The induction of CYP1A can be used in field monitoring of PAHs. Since these compounds are not bioaccumulating to any great extent, exposure to them can instead be estimated by measuring the CYP1A activity.

The AhR/CYP1A related mechanism of PAH toxicity is similar to that of dioxins and is mainly important for high molecular weight PAHs. Low molecular weight PAHs do not bind to the AhR but exert their toxicity through other pathways. Several of the low molecular weight (3-ringed) compounds are known to cause disturbance of cardiovascular function and craniofacial and body axis defects in fish, and the mechanism behind this is suspected to be an effect on the ion regulation in cells (Incardona et al. 2005, Incardona 2017).

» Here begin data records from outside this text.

definition D_Pminus :: "'w set \<Rightarrow> ('w \<times> 'w) set \<Rightarrow> (nat \<Rightarrow> 'w set) \<Rightarrow> bool" where
  "D_Pminus W R V \<longleftrightarrow> is_model W R V \<and>
     (\<forall>p. V p \<subseteq> Rbox W R ((W - Rbox W R {}) \<union> V p))"
definition D_re :: "'w set \<Rightarrow> ('w \<times> 'w) set \<Rightarrow> (nat \<Rightarrow> 'w set) \<Rightarrow> bool" where
  "D_re W R V \<longleftrightarrow> is_model W R V \<and> refl_on W R"
definition D_Bp :: "'w set \<Rightarrow> ('w \<times> 'w) set \<Rightarrow> (nat \<Rightarrow> 'w set) \<Rightarrow> bool" where
  "D_Bp W R V \<longleftrightarrow> is_interpretation W R V \<and> sym R"
definition D_V :: "'w set \<Rightarrow> ('w \<times> 'w) set \<Rightarrow> (nat \<Rightarrow> 'w set) \<Rightarrow> bool" where
  "D_V W R V \<longleftrightarrow> is_interpretation W R V \<and> trans R"
definition D_KB4p :: "'w set \<Rightarrow> ('w \<times> 'w) set \<Rightarrow> (nat \<Rightarrow> 'w set) \<Rightarrow> bool" where
  "D_KB4p W R V \<longleftrightarrow> is_interpretation W R V \<and> sym R \<and> trans R"
definition D_I :: "'w set \<Rightarrow> ('w \<times> 'w) set \<Rightarrow> (nat \<Rightarrow> 'w set) \<Rightarrow> bool" where
  "D_I W R V \<longleftrightarrow> is_interpretation W R V \<and> refl_on W R \<and> trans R"
definition D_O :: "'w set \<Rightarrow> ('w \<times> 'w) set \<Rightarrow> (nat \<Rightarrow> 'w set) \<Rightarrow> bool" where
  "D_O W R V \<longleftrightarrow> is_interpretation W R V \<and> refl_on W R \<and> sym R"
definition D_C :: "'w set \<Rightarrow> ('w \<times> 'w) set \<Rightarrow> (nat \<Rightarrow> 'w set) \<Rightarrow> bool" where
  "D_C W R V \<longleftrightarrow> is_interpretation W R V \<and> refl_on W R \<and> sym R \<and> trans R"

(* \<Gamma> \<Turnstile>_C \<phi> where C = {(M,s) : M \<in> D, s \<in> M} *)
definition conseq :: "('w set \<Rightarrow> ('w \<times> 'w) set \<Rightarrow> (nat \<Rightarrow> 'w set) \<Rightarrow> bool)
                      \<Rightarrow> form set \<Rightarrow> form \<Rightarrow> bool" where
  "conseq D \<Gamma> \<phi> \<longleftrightarrow> (\<forall>W R V s. D W R V \<longrightarrow> s \<in> W \<longrightarrow>
      (\<forall>\<gamma>\<in>\<Gamma>. sat W R V s \<gamma>) \<longrightarrow> sat W R V s \<phi>)"

end

theory Submission
  imports Defs
begin

text \<open>Soundness is proved for all eight systems at once by rule induction on derivations,
relative to a model that satisfies exactly the frame conditions matching the extra rules of
the system. Each rule then reduces to one semantic fact: (Refl) to reflexivity, (Tran) to
transitivity, (Sym1)/(Sym2) to the excluded-middle law that symmetry gives for
\<open>(\<phi> \<to> \<psi>) \<to> \<bottom>\<close>, and the propositional-variable rules to the persistence of
propositions, i.e. of sets \<open>X\<close> with \<open>R[X] \<inter> R\<^sup>\<box>(R[X]) \<subseteq> X\<close>, along \<open>R\<close>.\<close>

definition fits_logic :: "logic \<Rightarrow> 'w set \<Rightarrow> ('w \<times> 'w) set \<Rightarrow> (nat \<Rightarrow> 'w set) \<Rightarrow> bool" where
  "fits_logic L W R V \<longleftrightarrow> is_model W R V
     \<and> (has_refl L \<longrightarrow> refl_on W R) \<and> (has_tran L \<longrightarrow> trans R) \<and> (has_sym L \<longrightarrow> sym R)
     \<and> (has_prop_minus L \<longrightarrow> (\<forall>p. V p \<subseteq> Rbox W R ((W - Rbox W R {}) \<union> V p)))
     \<and> (has_prop_tr L \<or> has_prop_sy L \<longrightarrow> (\<forall>p. is_proposition W R (V p)))"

Since at least part of the toxic effects of PAHs are linked to their metabolic conversion, species with a high metabolic capacity could be suspected to be more sensitive to these compounds than species with lower capacity. Invertebrates have a considerably lower metabolic turnover of PAHs than fish and other vertebrates (Livingstone 1998), and scientific data indicate that they also are less sensitive (see Tables 6 and 7 for references). However, it cannot be ruled out that this merely reflects the fact that there is much more research on effects of PAHs on fish than on invertebrates.

In addition to the specific toxic mechanisms mentioned above (through AhR activation and disturbance of ion channels), PAHs also have been claimed to have a non-specific mode of action, often referred to as “narcosis” (Di Toro et al. 2000). Narcosis is suggested to be caused by the mere presence of the hydrophobic PAC molecules dissolved in the cell membranes which would disturb normal cell processes and result in an anaesthetic or narcotic-like effect. With increasing molecular weight, PAH molecules become more hydrophobic, and this would lead to an increased narcotic effect. Lately the evidences for this form of narcotic effect have been questioned (Incardona 2017), although it cannot be ruled out that it exists.

Figure 7 The metabolic turnover eliminates PAHs and limit the accumulation in the organism, but at the same time reactive metabolites with toxic effects are generated.